Authors: Daekyoung Jung, Wonjae Kim, Hyunjoo Song, Jeong-in Hwang, Bongshin Lee, Bohyoung Kim, Jinwook Seo
- The paper proposes a method to classify charts and extract data from charts.
- Challenges:
- Large number of varying chart styles , hence difficult to use a simple data extraction approach
- Work around for data items that are hidden/occluded, differentiating between 2 different trends represented in the chart
- Image to Text conversion ie. extracting data from image and convert to appropriate text. Character recognition could be a viable option however, the existing methods have low accuracy.

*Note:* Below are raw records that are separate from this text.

lemma ne_surplus_le_S_R_symmetrize:
  "ne_surplus \<Phi> \<pi> \<le> S_R (sym_max \<Phi>) (symmetrize \<pi>)"
proof -
  have pair: "real (\<pi> x y) * \<Phi> x y + real (\<pi> y x) * \<Phi> y x
      \<le> real (symmetrize \<pi> x y) * sym_max \<Phi> x y" if "y \<noteq> x" for x y
  proof -
    have "real (\<pi> x y) * \<Phi> x y \<le> real (\<pi> x y) * sym_max \<Phi> x y"
      and "real (\<pi> y x) * \<Phi> y x \<le> real (\<pi> y x) * sym_max \<Phi> x y"
      by (intro mult_left_mono; simp add: sym_max_def)+
    then show ?thesis
      using that by (simp add: symmetrize_def distrib_right)
  qed
  have diag: "real (\<pi> x x) * \<Phi> x x = real (symmetrize \<pi> x x) * sym_max \<Phi> x x" for x
    by (simp add: symmetrize_def sym_max_def)
  show ?thesis
    unfolding ne_surplus_pairwise S_R_pairwise diag
    by (intro divide_right_mono sum_mono add_left_mono) (auto intro: pair)
qed

definition oriented :: "('x::finite \<Rightarrow> 'x \<Rightarrow> real) \<Rightarrow> 'x \<Rightarrow> 'x \<Rightarrow> bool" where
  "oriented \<Phi> x y \<longleftrightarrow> \<Phi> x y > \<Phi> y x \<or> (\<Phi> x y = \<Phi> y x \<and> to_nat x < to_nat y)"

definition orient :: "('x::finite \<Rightarrow> 'x \<Rightarrow> real) \<Rightarrow> ('x \<Rightarrow> 'x \<Rightarrow> nat) \<Rightarrow> 'x \<Rightarrow> 'x \<Rightarrow> nat" where
  "orient \<Phi> \<mu> = (\<lambda>x y. if x = y \<or> oriented \<Phi> x y then \<mu> x y else 0)"

lemma oriented_asym_iff:
  assumes "x \<noteq> y"
  shows "oriented \<Phi> x y \<longleftrightarrow> \<not> oriented \<Phi> y x"
proof -
  have "to_nat x < to_nat y \<or> to_nat y < to_nat x"
    using assms by (metis linorder_neqE_nat to_nat_split)
  then show ?thesis
    unfolding oriented_def by auto
qed

lemma orient_pair:
  assumes "\<And>a b. \<mu> a b = \<mu> b a" and "x \<noteq> y"
  shows "orient \<Phi> \<mu> x y + orient \<Phi> \<mu> y x = \<mu> x y"
    and "real (orient \<Phi> \<mu> x y) * \<Phi> x y + real (orient \<Phi> \<mu> y x) * \<Phi> y x
         = real (\<mu> x y) * sym_max \<Phi> x y"
  using assms oriented_asym_iff[OF assms(2), of \<Phi>]
  unfolding orient_def sym_max_def oriented_def by (auto simp: max_def)

lemma ne_feasible_orient:
  assumes "P_feasible n \<mu>"
  shows "ne_feasible n (orient \<Phi> \<mu>)"
  unfolding ne_feasible_def
proof
  fix x
  have "(\<Sum>y\<in>UNIV - {x}. orient \<Phi> \<mu> x y + orient \<Phi> \<mu> y x) = (\<Sum>y\<in>UNIV - {x}. \<mu> x y)"
  proof (rule sum.cong)
    show "orient \<Phi> \<mu> x y + orient \<Phi> \<mu> y x = \<mu> x y" if "y \<in> UNIV - {x}" for y
      using orient_pair(1)[where \<mu> = \<mu>, OF P_feasible_symmetric[OF assms]] that by simp
  qed simp
  then have "(\<Sum>y\<in>UNIV. orient \<Phi> \<mu> x y + orient \<Phi> \<mu> y x)
      = 2 * \<mu> x x + (\<Sum>y\<in>UNIV - {x}. \<mu> x y)"
    by (simp add: orient_def sum.remove[of UNIV x])
  also have "\<dots> \<le> n x"
    using assms unfolding P_feasible_def by blast
  finally show "(\<Sum>y\<in>UNIV. orient \<Phi> \<mu> x y + orient \<Phi> \<mu> y x) \<le> n x" .
qed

- ReVision, a tool used for automatic chart data extraction uses a 2 stage pipeline, ie. chart classification followed by data extraction (Drawbacks: low extraction accuracy for practical use of data)
- Mixed Initiative Interfaces, enables effective collaboration with intelligent agents and incorporates feedback based system to handle uncertainity in user input.
- Chart Data Extraction, utilizing edge detection/vectorization for extracting data from chart images using ML and image processing. This work is partly utilized by ChartSense as well.
- iVoLVER, another web-based tool for data extraction in chart images which allows users to classify the type of data to be extracted. (Drawbacks: large number of user inputs required for improving data extraction accuracy)
- Other tools like DataThief extract data from line charts and is dependent on user input for identifying region from where data needs to be extracted.
- Uses a deep learning based chart classifier and extracts data with mixed-initiative interaction.
- Uses user feedback based mixed-initiative interaction combined with image processing methods for data extraction with improved accuracy and efficiency of data extraction.
- Network Architecture:
- Classification Task: Uses simple CNN structure for image classification, called GoogLeNet
- Data Extraction Task: Uses a user interaction based model ("mixed initiative interface") to assist data extraction. For eg. asking users to identify colors representing graphs to improve accuracy.
- Dataset:
- Classification: Input: 256x256x3 with the dataset split into training and validation as 80% and 20%. For a larger dataset, ChartSense performs better than any of the present chart data extractors.
- Data Extraction: With 3% error rate and outperforming WebPlotDigitizer , ChartSense seems to be useful.